So: If you have a Categorical Product for every pair of objects and Terminal object 
    for the category, then you have monoidal structure for objects, i.e. a
    Monoidal Category.

Tensor Product: A monoidal category has a Tensor Product and a unit. (., 1)

----
Const Functor
Takes any type a, and maps it into a single object c (a.k.a. \delta c)

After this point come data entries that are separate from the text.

(* Let $d\geq 1000$, let $\Omega\subseteq\mathbb{R}^d$ be bounded and measurable, let $\lambda=\left(\frac{\sqrt d}{8\log d}\right)^d$ and $\Delta=2^d\lambda=\left(\frac{\sqrt d}{4\log d}\right)^d$, and let $\mathbf X$ be a Poisson point process of intensity $\lambda$ on $\Omega$. Then \[ \mathbb{E}\left|\left\{x\in\mathbf X: |\mathbf X\cap B_x(2r_d)|\geq\Delta\big(1+\Delta^{-1/3}\big)\right\}\right|\leq(2d)^{-1}\,\mathbb{E}|\mathbf X|. \]
   Context: $r_d$ is the radius of the Euclidean ball of volume $1$ in $\mathbb{R}^d$; $B_x(r)$ is the closed Euclidean ball of radius $r$ centred at $x$. $\log$ is the natural logarithm. *)

theory Defs
  imports "HOL-Analysis.Analysis" "HOL-Probability.Probability"
begin

definition unit_vol_radius :: "'a::euclidean_space itself \<Rightarrow> real" where
  "unit_vol_radius _ = (THE r. r > 0 \<and> measure lborel (cball (0::'a) r) = 1)"

definition npts :: "'a set \<Rightarrow> 'a set \<Rightarrow> nat" where
  "npts S A = card (S \<inter> A)"

definition poisson_pp :: "'w measure \<Rightarrow> ('w \<Rightarrow> 'a::euclidean_space set) \<Rightarrow> real \<Rightarrow> 'a set \<Rightarrow> bool" where
  "poisson_pp M X lam Omega \<longleftrightarrow>
     prob_space M \<and>
     (\<forall>\<omega>\<in>space M. X \<omega> \<subseteq> Omega) \<and>
     (AE \<omega> in M. finite (X \<omega>)) \<and>
     (\<forall>A \<in> sets borel. (\<lambda>\<omega>. npts (X \<omega>) A) \<in> measurable M (count_space UNIV)) \<and>
     (\<forall>A \<in> sets borel. \<forall>k::nat.
        measure M {\<omega>\<in>space M. npts (X \<omega>) A = k} =
          (lam * measure lebesgue (A \<inter> Omega)) ^ k / fact k * exp (- (lam * measure lebesgue (A \<inter> Omega)))) \<and>
     (\<forall>(F::nat \<Rightarrow> 'a set) n. (\<forall>i<n. F i \<in> sets borel) \<and> disjoint_family_on F {..<n} \<longrightarrow>
        prob_space.indep_vars M (\<lambda>_. count_space UNIV) (\<lambda>i \<omega>. npts (X \<omega>) (F i)) {..<n})"

end

theory Submission
  imports Defs
begin

(* Count heavy points cell by cell.  Cover Omega by finitely many disjoint cells Q_j, each
   inside a ball B_j of radius slightly larger than 2 r_d, so that a point of Q_j can only be
   heavy if N(B_j) >= t, where t = D^3 + D^2 and D = Delta^(1/3).  The heavy points are then
   at most sum_j N(Q_j) [N(B_j) >= t].  As N(Q_j) and N(B_j - Q_j) are independent Poisson
   variables, an exponential-moment bound gives
     E N(Q_j) [N(B_j) >= t] <= theta^(1 - t) exp (lam vol(B_j) (theta - 1)) E N(Q_j),
   and the radius of B_j is chosen so that lam vol(B_j) = D^3 + D.  With theta = 1 + 1/(2D)
   the factor is at most exp (3/4 + 1/(2D) - D/4) <= 1/(2d), because D >= 8d once d >= 1000;
   summing over j and using sum_j E N(Q_j) = E |X| gives the bound. *)

section \<open>Poisson-distributed counts\<close>

definition poisson_count :: "'w measure \<Rightarrow> ('w \<Rightarrow> nat) \<Rightarrow> real \<Rightarrow> bool" where
  "poisson_count M N a \<longleftrightarrow> N \<in> measurable M (count_space UNIV) \<and>
     (\<forall>k. measure M {\<omega>\<in>space M. N \<omega> = k} = a ^ k / fact k * exp (- a))"

lemma poisson_count_nonneg:
  assumes "poisson_count M N a"
  shows "0 \<le> a"
proof -
  have "0 \<le> a * exp (- a)"
    using assms measure_nonneg[of M "{\<omega>\<in>space M. N \<omega> = 1}"] by (simp add: poisson_count_def)
  then show ?thesis by (simp add: zero_le_mult_iff)
qed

  data Const c a = Const c

`a` disappears. Is this a functor?

  instance Functor (Const c)  -- note that `Const c` requires a type argument (`a`)
    -- fmap :: (a -> b) -> Const c a -> Const c b
    fmap f (Const c) = Const c

Identity Functor

  data Identity a = Identity a
  
  instance Functor (Identity a)
    fmap f (Identity a) = Identity (f a)


Maybe redux

  data Maybe a = Nothing | Just a

this is equivalenet to saying:
  
  Either () (Identity a)
  -- or
  Either (Const () a) (Identity a)

Since we can produce Maybe by composing Functors, it is a Functor. QED.

extension to Haskell:
{-# LANGUAGE DeriveFunctor #-}

e.g.
data MyF = ..... deriving Functor

If you data type parametrically polymorphic, there can be only one `fmap`. Theorem for free.

Function
"arrow" is a type constructor of two arguments:

  (->) a b = a -> b

(see Reader functor above. Function is Functorial in the second argument.)
  newtype Reader c a = Reader (c -> a)
  -- recall `fmap` for Reader = (.), i.e. composition.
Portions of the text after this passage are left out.